Workers and management cause demise of Hostess

In better times before the bankruptcy, a worker checks Hostess Twinkies as move through production in their trays prior to cream injection at the Interstate Bakeries Corporation facility April 20, 2005 in Schiller Park, Illinois.
Tim Boyle

Hostess began as Interstate Bakeries Corporation (IBC) in 1930 and over time became the largest wholesale baker and distributor of bakery products in the United States.

But now the company is finished as it has shut down operations and is liquidating its assets after workers rejected a new contract after a January bankruptcy.

At the time, David Kaplan of Fortune pointed out that there are "no black hats or white knights in this tale" because the workers refused to adapt their demands in a competitive marketplace while management failed to turn the company around as investors looked to cash out.

Steven Mufson of the Washington Post summarized the company's fatal problems as "a combination of pension burdens, labor rules, crippling debt from financial engineers and management’s failure to freshen up a stale product line and keep up with consumers’ changing tastes."

Here's how the pioneering company and its workers failed to keep up with the times:

Pension burdens: Mufson notes that the company had 372 collective bargaining agreements with a dozen unions and had roughly $2 billion in unfunded pension liabilities to its various unions' workers, but it brought in a disappointing $2.5 billion in revenue in 2011.

Labor rules: Kaplan noted how Hostess had ludicrous work rules based on labor contracts — including the requirement of separate drivers for deliveries of such goodies as Yankee Doodles and Nature's Pride Nutty Oat — which exacerbated their huge problem of high labor costs.

Crippling debt: Kaplan detailed how over the years labor unions had successfully negotiated generous pensions and health care benefits that increasingly ignored shifts in the marketplace.
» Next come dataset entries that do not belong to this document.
(* Consider the recursive network formation model with the utility function described in the context. If $$b_1-b_2+\gamma b_2 \le c < b_1 \quad\text{and}\quad c_0 < (1-\gamma)(b_2-b_3),$$ then the resulting topology is a star: starting from a single node, for every $n\ge 1$, the pairwise stable network reached after the $n$-th node has entered is a star on $n$ nodes (one center adjacent to all other nodes, and no other links), irrespective of the random order in which nodes are selected to move.
   Context: Networks are finite simple undirected graphs whose vertices (nodes) are self-interested agents. Parameters: benefits $b_1>b_2>b_3>b_4>\dots>0$, where $b_i$ is the benefit a node obtains from a node at distance $i$; a link cost $c$ per immediate neighbor; an intermediation fraction $\gamma$ with $0\le\gamma<1$; and a network entry factor $c_0$. Notation: $N$ is the set of nodes currently in the network, $d_j$ the degree of $j$, and $l(j,w)$ the graph distance. A node $x$ is essential for a pair $y,z$ (with $x\notin\{y,z\}$) if $x$ lies on every path joining $y$ and $z$. Write $E(y,z)$ for the set of nodes essential for $y,z$ and $e(y,z)=|E(y,z)|$. Only pairs joined by a path contribute to the sums below. Utility of node $j$ in network $g$: $$u_j(g)=-c_0\,d_{T(j)}\mathbf 1_{\{j=\mathrm{NE}\}}+d_j(b_1-c)+\sum_{w\in N,\ l(j,w)>1}b_{l(j,w)}-\sum_{w\in N,\ E(j,w)\ne\emptyset}\gamma\, b_{l(j,w)}+\sum_{y,z\in N,\ j\in E(y,z)}\frac{\gamma}{e(y,z)}\,2\,b_{l(y,z)}.$$ Here $\mathbf 1_{\{j=\mathrm{NE}\}}=1$ exactly when $j$ is a newly entering node evaluating the creation of its first link. $T(j)$ is the existing node to which $j$ forms that first link, and $d_{T(j)}$ is that node's degree before the link. The network before entry gives the entering node utility $0$. Pairwise stability: $g$ is pairwise stable if (a) for every link $(i,j)\in g$, $u_i(g\setminus\{(i,j)\})\le u_i(g)$ and $u_j(g\setminus\{(i,j)\})\le u_j(g)$; and (b) for every non-link $(i,j)\notin g$, if $u_i(g\cup\{(i,j)\})>u_i(g)$ then $u_j(g\cup\{(i,j)\})<u_j(g)$. Recursive model of network formation: - The process starts with a single node. - When the current network of $n-1$ nodes is pairwise stable, a new node considers entering. Its options are to stay out or to propose a link to one existing node. The link forms iff the receiving node's utility does not decrease. No existing node can link to the newcomer before it has formed this first link. - After entry, nodes are repeatedly chosen at random to move. A chosen node plays a myopic best response among three options: create a link with a non-neighbor (the link forms only if the other node's utility does not decrease, which the proposer anticipates); delete a link with a neighbor (unilaterally); or keep the status quo. It alters a link only if this strictly increases its current utility. - This continues until the network is pairwise stable; then the next node considers entering, and so on. "The resulting topology is X" means: for every number $n$ of nodes, every pairwise stable network reached after the $n$-th node has entered is a network of topology X on $n$ nodes, irrespective of the random choices. *)

theory Defs
  imports Main "HOL-Library.Library"
begin

text \<open>Networks on the node set {0..<n}; a network is a set of undirected links,
each link being a two-element set of nodes.\<close>

definition walk :: "nat set set \<Rightarrow> nat \<Rightarrow> nat \<Rightarrow> nat list \<Rightarrow> bool" where
  "walk g y z xs \<longleftrightarrow> xs \<noteq> [] \<and> hd xs = y \<and> last xs = z \<and>
     successively (\<lambda>u v. {u, v} \<in> g) xs"

definition joined :: "nat set set \<Rightarrow> nat \<Rightarrow> nat \<Rightarrow> bool" where
  "joined g y z \<longleftrightarrow> (\<exists>xs. walk g y z xs)"

definition gdist :: "nat set set \<Rightarrow> nat \<Rightarrow> nat \<Rightarrow> nat" where
  "gdist g y z = (LEAST k. \<exists>xs. walk g y z xs \<and> length xs = Suc k)"

definition degree :: "nat set set \<Rightarrow> nat \<Rightarrow> nat" where
  "degree g j = card {k. {j, k} \<in> g}"

definition essential_set :: "nat \<Rightarrow> nat set set \<Rightarrow> nat \<Rightarrow> nat \<Rightarrow> nat set" where
  "essential_set n g y z = {x. x < n \<and> x \<noteq> y \<and> x \<noteq> z \<and>
      (\<forall>xs. walk g y z xs \<longrightarrow> x \<in> set xs)}"

text \<open>Utility of node j in network g on node set {0..<n}, without the entry term.
  The intermediation sum runs over unordered pairs {y,z} (encoded as y < z).\<close>
definition util :: "(nat \<Rightarrow> real) \<Rightarrow> real \<Rightarrow> real \<Rightarrow> nat \<Rightarrow> nat set set \<Rightarrow> nat \<Rightarrow> real" where
  "util b c \<gamma> n g j =
     real (degree g j) * (b 1 - c)
     + (\<Sum>w\<in>{w. w < n \<and> joined g j w \<and> gdist g j w > 1}. b (gdist g j w))
     - (\<Sum>w\<in>{w. w < n \<and> joined g j w \<and> essential_set n g j w \<noteq> {}}. \<gamma> * b (gdist g j w))
     + (\<Sum>(y, z)\<in>{(y, z). y < z \<and> z < n \<and> joined g y z \<and> j \<in> essential_set n g y z}.
          \<gamma> / real (card (essential_set n g y z)) * 2 * b (gdist g y z))"

definition entry_util :: "(nat \<Rightarrow> real) \<Rightarrow> real \<Rightarrow> real \<Rightarrow> real \<Rightarrow> nat \<Rightarrow> nat set set \<Rightarrow> nat \<Rightarrow> real" where
  "entry_util b c \<gamma> c0 n g T =
     - c0 * real (degree g T) + util b c \<gamma> (Suc n) (insert {n, T} g) n"

definition pairwise_stable :: "(nat \<Rightarrow> real) \<Rightarrow> real \<Rightarrow> real \<Rightarrow> nat \<Rightarrow> nat set set \<Rightarrow> bool" where
  "pairwise_stable b c \<gamma> n g \<longleftrightarrow>
     (\<forall>i j. {i, j} \<in> g \<longrightarrow>
        util b c \<gamma> n (g - {{i, j}}) i \<le> util b c \<gamma> n g i \<and>
        util b c \<gamma> n (g - {{i, j}}) j \<le> util b c \<gamma> n g j) \<and>
     (\<forall>i j. i < n \<longrightarrow> j < n \<longrightarrow> i \<noteq> j \<longrightarrow> {i, j} \<notin> g \<longrightarrow>
        util b c \<gamma> n (insert {i, j} g) i > util b c \<gamma> n g i \<longrightarrow>
        util b c \<gamma> n (insert {i, j} g) j < util b c \<gamma> n g j)"

definition options :: "(nat \<Rightarrow> real) \<Rightarrow> real \<Rightarrow> real \<Rightarrow> nat \<Rightarrow> nat set set \<Rightarrow> nat \<Rightarrow> nat set set set" where
  "options b c \<gamma> n g i =
     {g}
     \<union> {insert {i, k} g | k. k < n \<and> k \<noteq> i \<and> {i, k} \<notin> g \<and>
            util b c \<gamma> n (insert {i, k} g) k \<ge> util b c \<gamma> n g k}
     \<union> {g - {{i, k}} | k. {i, k} \<in> g}"

definition br_move :: "(nat \<Rightarrow> real) \<Rightarrow> real \<Rightarrow> real \<Rightarrow> nat \<Rightarrow> nat set set \<Rightarrow> nat set set \<Rightarrow> bool" where
  "br_move b c \<gamma> n g g' \<longleftrightarrow>
     (\<exists>i < n. g' \<in> options b c \<gamma> n g i \<and> util b c \<gamma> n g' i > util b c \<gamma> n g i \<and>
        (\<forall>h \<in> options b c \<gamma> n g i. util b c \<gamma> n h i \<le> util b c \<gamma> n g' i))"

definition entry_feasible :: "(nat \<Rightarrow> real) \<Rightarrow> real \<Rightarrow> real \<Rightarrow> nat \<Rightarrow> nat set set \<Rightarrow> nat \<Rightarrow> bool" where
  "entry_feasible b c \<gamma> n g T \<longleftrightarrow> T < n \<and>
     util b c \<gamma> (Suc n) (insert {n, T} g) T \<ge> util b c \<gamma> n g T"

inductive_set reachable :: "(nat \<Rightarrow> real) \<Rightarrow> real \<Rightarrow> real \<Rightarrow> real \<Rightarrow> (nat \<times> nat set set) set"
  for b c \<gamma> c0 where
  start: "(1, {}) \<in> reachable b c \<gamma> c0"
| move: "\<lbrakk>(n, g) \<in> reachable b c \<gamma> c0; \<not> pairwise_stable b c \<gamma> n g; br_move b c \<gamma> n g g'\<rbrakk>
         \<Longrightarrow> (n, g') \<in> reachable b c \<gamma> c0"
| enter: "\<lbrakk>(n, g) \<in> reachable b c \<gamma> c0; pairwise_stable b c \<gamma> n g;
           entry_feasible b c \<gamma> n g T;
           entry_util b c \<gamma> c0 n g T \<ge> 0;
           \<forall>T'. entry_feasible b c \<gamma> n g T' \<longrightarrow> entry_util b c \<gamma> c0 n g T' \<le> entry_util b c \<gamma> c0 n g T\<rbrakk>
         \<Longrightarrow> (Suc n, insert {n, T} g) \<in> reachable b c \<gamma> c0"

definition is_star :: "nat \<Rightarrow> nat set set \<Rightarrow> bool" where
  "is_star n g \<longleftrightarrow> (\<exists>ctr < n. g = {{ctr, k} | k. k < n \<and> k \<noteq> ctr})"

end

theory Submission
  imports Defs
begin

(* Every state reachable in the recursive model is a star; in particular
   every pairwise stable network reached after an entry is one.  This is proved by rule
   induction over the reachable states, using two facts about stars:
   (1) Under  b1 - b2 + gamma b2 <= c < b1  every star is pairwise stable: a link pays
       b1 - c > 0 to both ends, and a link between two leaves shortens one distance from
       2 to 1, which (net of the fee gamma b2 no longer paid to the centre) gains
       b1 - b2 + gamma b2 - c <= 0.
       So no best-response move ever starts from a star.
   (2) When the newcomer enters a star, the centre always accepts it, and for a star with
       at least three nodes linking to the centre beats linking to a leaf by
       (n-2) ((1-gamma)(b2-b3) - c0) > 0.  Hence the newcomer links to the centre, or the
       star has at most two nodes; in both cases the new network is again a star. *)

section \<open>Walks, distances and essential nodes\<close>

lemma walk_single: "walk g y y [y]"
  by (simp add: walk_def)

lemma walk_edge: "{y, z} \<in> g \<Longrightarrow> walk g y z [y, z]"
  by (simp add: walk_def)

lemma walk_2: "{y, x} \<in> g \<Longrightarrow> {x, z} \<in> g \<Longrightarrow> walk g y z [y, x, z]"
  by (simp add: walk_def)

lemma walk_3: "{y, x} \<in> g \<Longrightarrow> {x, u} \<in> g \<Longrightarrow> {u, z} \<in> g \<Longrightarrow> walk g y z [y, x, u, z]"
  by (simp add: walk_def)

lemma walk_rev: "walk g y z xs \<Longrightarrow> walk g z y (rev xs)"
  unfolding walk_def by (auto simp: hd_rev last_rev insert_commute)

lemma walk_first_step:
  "walk g y z xs \<Longrightarrow> y \<noteq> z \<Longrightarrow> \<exists>v rest. xs = y # v # rest \<and> {y, v} \<in> g"
  unfolding walk_def by (cases xs rule: remdups_adj.cases) auto

text \<open>If all links of an end node lead to \<open>x\<close>, then \<open>x\<close> lies on every walk leaving it;
  this is how a centre is shown to be essential for its leaves.\<close>
lemma walk_through_unique_neighbour:
  assumes "walk g y z xs" "y \<noteq> z" "\<And>k. {y, k} \<in> g \<Longrightarrow> k = x"
  shows "x \<in> set xs"
  using walk_first_step[OF assms(1,2)] assms(3) by fastforce

lemma walk_through_unique_neighbour_end:
  assumes "walk g y z xs" "y \<noteq> z" "\<And>k. {z, k} \<in> g \<Longrightarrow> k = x"
  shows "x \<in> set xs"
  using walk_through_unique_neighbour[OF walk_rev[OF assms(1)]] assms(2,3) by auto

lemma joined_neighbour_start: "joined g y z \<Longrightarrow> y \<noteq> z \<Longrightarrow> \<exists>k. {y, k} \<in> g"
  unfolding joined_def using walk_first_step by blast

lemma joined_neighbour_end: "joined g y z \<Longrightarrow> y \<noteq> z \<Longrightarrow> \<exists>k. {z, k} \<in> g"
  unfolding joined_def using walk_first_step walk_rev by blast

lemma node_on_walk_has_neighbour:
  "successively (\<lambda>u v. {u, v} \<in> g) xs \<Longrightarrow> x \<in> set xs \<Longrightarrow> length xs \<ge> 2 \<Longrightarrow> \<exists>k. {x, k} \<in> g"
proof (induction xs rule: induct_list012)
  case (3 u v rest)
  show ?case
  proof (cases "x = u \<or> x = v")
    case True
    then show ?thesis using "3.prems"(1) by (auto simp: insert_commute)
  next
    case False
    then have "x \<in> set rest" "rest \<noteq> []" using "3.prems"(2) by auto
    then show ?thesis using 3 by (cases rest) auto
  qed
qed auto

lemma walk_through_isolated:
  "walk g y z xs \<Longrightarrow> x \<in> set xs \<Longrightarrow> \<not> (\<exists>k. {x, k} \<in> g) \<Longrightarrow> xs = [x]"
  unfolding walk_def using node_on_walk_has_neighbour[of g xs x]
  by (cases xs rule: remdups_adj.cases) auto

lemma shortest_walk: "joined g y z \<Longrightarrow> \<exists>xs. walk g y z xs \<and> length xs = Suc (gdist g y z)"
proof -
  assume "joined g y z"
  then obtain xs where w: "walk g y z xs" unfolding joined_def by blast
  then have "\<exists>k xs. walk g y z xs \<and> length xs = Suc k"
    by (intro exI[of _ "length xs - 1"]) (auto simp: walk_def)
  then show ?thesis unfolding gdist_def by (rule LeastI_ex)
qed

lemma gdist_le_walk: "walk g y z xs \<Longrightarrow> gdist g y z \<le> length xs - 1"
  unfolding gdist_def by (rule Least_le) (auto simp: walk_def)

lemma gdist_self: "gdist g y y = 0"
  using gdist_le_walk[OF walk_single, of g y] by simp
So once sales began to decline in the 1980s and '90s as consumers found healthier alternatives to snack cakes and white bread, debt started piling up to the tune of about $450 million by the first bankruptcy in 2004.

In 2009, after five years of restructuring, the company's total debt load was nearly $670 million despite winning concessions from the unions and new capital from investors as it became a private entity.
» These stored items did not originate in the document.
lemma Polygamma_plus_real_tendsto_0:
  assumes "(x::real) > 0" "m > 0"
  shows "(\<lambda>N. Polygamma m (x + real N)) \<longlonglongrightarrow> 0"
proof -
  have "(\<lambda>k. inverse ((x + of_nat k) ^ Suc m)) sums ((-1) ^ Suc m * Polygamma m x / fact m)"
    using assms by (intro Polygamma_LIMSEQ) auto
  then have "(\<lambda>N. Polygamma m x + (-1) ^ m * fact m * (\<Sum>k<N. 1 / (x + of_nat k) ^ Suc m))
      \<longlonglongrightarrow> Polygamma m x + (-1) ^ m * fact m * ((-1) ^ Suc m * Polygamma m x / fact m)"
    unfolding sums_def by (intro tendsto_intros) (simp add: inverse_eq_divide)
  moreover have "Polygamma m x + (-1) ^ m * fact m * ((-1) ^ Suc m * Polygamma m x / fact m) = 0"
    by (simp flip: power_add mult.assoc)
  moreover have "Polygamma m (x + real N) =
      Polygamma m x + (-1) ^ m * fact m * (\<Sum>k<N. 1 / (x + of_nat k) ^ Suc m)" for N
    using assms by (intro Polygamma_plus_of_nat) auto
  ultimately show ?thesis
    by simp
qed

lemma vanishing_seq_polygamma: "m > 0 \<Longrightarrow> vanishing_seq (polygamma_seq m)"
  unfolding vanishing_seq_def polygamma_seq_def by (auto intro!: Polygamma_plus_real_tendsto_0)

subsection \<open>The telescoping criterion\<close>

lemma cm_seq_of_forward_difference:
  assumes F: "deriv_seq F" "vanishing_seq F" and H: "deriv_seq H" "cm_seq H"
    and diff: "\<And>x. x > 0 \<Longrightarrow> F 0 x - F 0 (x + 1) = H 0 x"
  shows "cm_seq F"
  unfolding cm_seq_def
proof (intro allI impI)
  fix n and x :: real
  assume x: "x > 0"
  have diff_n: "F n y - F n (y + 1) = H n y" if "y > 0" for y
  proof -
    let ?E = "seq_add F (seq_scale (-1) (seq_add (seq_shift 1 F) H))"
    have "deriv_seq ?E"
      using F(1) H(1) by (intro deriv_seq_add deriv_seq_scale deriv_seq_shift) auto
    moreover have "?E 0 z = 0" if "z > 0" for z
      using diff[OF that] by simp
    ultimately have "?E n y = 0"
      using deriv_seq_eq_0 \<open>y > 0\<close> by blast
    then show ?thesis
      by simp
  qed
  have telescope: "F n x = (\<Sum>k<N. H n (x + real k)) + F n (x + real N)" for N
  proof (induction N)
    case (Suc N)
    have "F n (x + real N) = H n (x + real N) + F n (x + real (Suc N))"
      using diff_n[of "x + real N"] x by (simp add: add.assoc add.commute[of 1])
    with Suc.IH show ?case
      by simp
  qed simp
  have lim: "(\<lambda>N. (-1) ^ n * F n (x + real N)) \<longlonglongrightarrow> 0"
    using F(2) x unfolding vanishing_seq_def by (auto intro: tendsto_mult_right_zero)
  have bound: "(-1) ^ n * F n (x + real N) \<le> (-1) ^ n * F n x" for N
  proof -
    have "0 \<le> (\<Sum>k<N. (-1) ^ n * H n (x + real k))"
      using H(2) x unfolding cm_seq_def by (intro sum_nonneg) (auto simp: add_pos_nonneg)
    then show ?thesis
      using telescope[of N] by (simp add: distrib_left sum_distrib_left)
  qed
  show "0 \<le> (-1) ^ n * F n x"
    using bound by (intro LIMSEQ_le_const2[OF lim]) auto
qed

subsection \<open>Trigamma minus its asymptotic expansion\<close>

definition trigamma_approx :: "real \<Rightarrow> real" where
  "trigamma_approx x = 1 / x + 1 / (2 * x^2) + 1 / (6 * x^3) - 1 / (30 * x^5)"

definition trigamma_remainder_seq :: "nat \<Rightarrow> real \<Rightarrow> real" where
  "trigamma_remainder_seq =
     seq_add (polygamma_seq 1) (seq_scale (-1)
       (seq_add (inverse_power_seq 1) (seq_add (seq_scale (1/2) (inverse_power_seq 2))
         (seq_add (seq_scale (1/6) (inverse_power_seq 3)) (seq_scale (-1/30) (inverse_power_seq 5))))))"

lemma trigamma_remainder_seq_0 [simp]:
  "trigamma_remainder_seq 0 x = Polygamma 1 x - trigamma_approx x"
  unfolding trigamma_remainder_seq_def trigamma_approx_def by (simp add: power2_eq_square)

lemma deriv_seq_trigamma_remainder: "deriv_seq trigamma_remainder_seq"
  unfolding trigamma_remainder_seq_def
  by (intro deriv_seq_add deriv_seq_scale deriv_seq_polygamma deriv_seq_inverse_power)

lemma vanishing_seq_trigamma_remainder: "vanishing_seq trigamma_remainder_seq"
  unfolding trigamma_remainder_seq_def
  by (intro vanishing_seq_add vanishing_seq_scale vanishing_seq_polygamma vanishing_seq_inverse_power)
    simp_all

lemma Polygamma_1_plus1: "(x::real) > 0 \<Longrightarrow> Polygamma 1 x = Polygamma 1 (x + 1) + 1 / x^2"
  using Polygamma_plus1[of x 1] by (simp add: power2_eq_square)

lemma Polygamma_2_plus1: "(x::real) > 0 \<Longrightarrow> Polygamma 2 x = Polygamma 2 (x + 1) - 2 / x^3"
  using Polygamma_plus1[of x 2] by (simp add: numeral_eq_Suc)

lemma trigamma_approx_difference:
  assumes "x > 0"
  shows "1 / x^2 - trigamma_approx x + trigamma_approx (x + 1) =
    1/30 * (1 / x^5 * (1 / (x + 1)^5)) + (1/6 * (1 / x^4 * (1 / (x + 1)^5)) +
    1/6 * (1 / x^3 * (1 / (x + 1)^5)))"
proof -
  have "u^2 - (u + 1/2 * u^2 + 1/6 * u^3 - 1/30 * u^5) + (v + 1/2 * v^2 + 1/6 * v^3 - 1/30 * v^5)
      = 1/30 * (u^5 * v^5) + (1/6 * (u^4 * v^5) + 1/6 * (u^3 * v^5))"
    if "x * u = 1" "(x + 1) * v = 1" for u v :: real
    using that by algebra
  from this[of "1 / x" "1 / (x + 1)"] assms show ?thesis
    unfolding trigamma_approx_def by (simp add: power_one_over)
qed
And by the time the company filed bankruptcy in January, it had lost $250 million — including being in the red in 30 of the previous 37 quarters in less than three years.

Stale products: A source told Mufson that even the most popular food brands need reinvention every eight years or so, but the company has been riding on the success of the Twinkie since its inception in 1933. Attempts to re-energize — such as bringing back the original banana-cream Twinkies and publishing "The Twinkies Cookbook" — flopped.
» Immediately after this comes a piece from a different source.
(* Consider contexts $X$, actions $A$, random embeddings $R^{(1)},R^{(2)}$ and real outcomes $Y$ whose joint density under a policy $\pi$ is $p_\pi(x,a,r_1,r_2,y)=p(x)\pi(a\mid x)p(r_1\mid x,a)p(r_2\mid r_1)p(y\mid r_2)$, where the factors other than $\pi$ do not depend on $\pi$ (so $R^{(2)}\perp\!\!\!\perp(X,A)\mid R^{(1)}$ and $Y\perp\!\!\!\perp(R^{(1)},X,A)\mid R^{(2)}$). Let $\pi^b,\pi^*$ be behaviour and target policies with $\pi^*(a\mid x)>0\Rightarrow\pi^b(a\mid x)>0$, and let $(x_i,a_i,r^{(1)}_i,r^{(2)}_i,y_i)_{i=1}^n$ be i.i.d. from $p_{\pi^b}$. Define with exact weights $$\hat\theta_{\mathrm{IPW}}=\frac1n\sum_i\frac{\pi^*(a_i\mid x_i)}{\pi^b(a_i\mid x_i)}y_i,\quad\hat\theta^{(j)}_{\mathrm{G\text{-}MIPS}}=\frac1n\sum_i\frac{p_{\pi^*}(r^{(j)}_i)}{p_{\pi^b}(r^{(j)}_i)}y_i\ (j=1,2),\quad\hat\theta_{\mathrm{MR}}=\frac1n\sum_i\frac{p_{\pi^*}(y_i)}{p_{\pi^b}(y_i)}y_i,$$ where $p_\pi(r^{(j)})$ and $p_\pi(y)$ are marginals of $p_\pi$. Then $$\mathbb{E}_{\pi^b}[\hat\theta_{\mathrm{IPW}}]=\mathbb{E}_{\pi^b}[\hat\theta^{(1)}_{\mathrm{G\text{-}MIPS}}]=\mathbb{E}_{\pi^b}[\hat\theta^{(2)}_{\mathrm{G\text{-}MIPS}}]=\mathbb{E}_{\pi^b}[\hat\theta_{\mathrm{MR}}]=\mathbb{E}_{\pi^*}[Y],$$ and $\mathbb{V}_{\pi^b}[\hat\theta_{\mathrm{IPW}}]\ge\mathbb{V}_{\pi^b}[\hat\theta^{(1)}_{\mathrm{G\text{-}MIPS}}]\ge\mathbb{V}_{\pi^b}[\hat\theta^{(2)}_{\mathrm{G\text{-}MIPS}}]\ge\mathbb{V}_{\pi^b}[\hat\theta_{\mathrm{MR}}]$.
   Context: $\mathbb{E}_\pi,\mathbb{V}_\pi$ denote expectation/variance under $p_\pi$ (and the i.i.d. sample). *)

theory Defs
  imports "HOL-Probability.Probability"
begin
The mess led to the implosion of the company, as CNN Money reports. In September the 7,500 member International Brotherhood of Teamsters accepted a new contract with reduced wages and benefits, but the 5,000 member Bakers' union rejected the deal and eventually went on strike over contract negotiations.

The Teamsters accused the Bakers of pushing Hostess to the brink of liquidation, while the Bakers blamed management and the "Wall Street vulture capitalists in control" for the company's dire condition.

In the end all sides are blaming one another while the iconic company shuts its doors.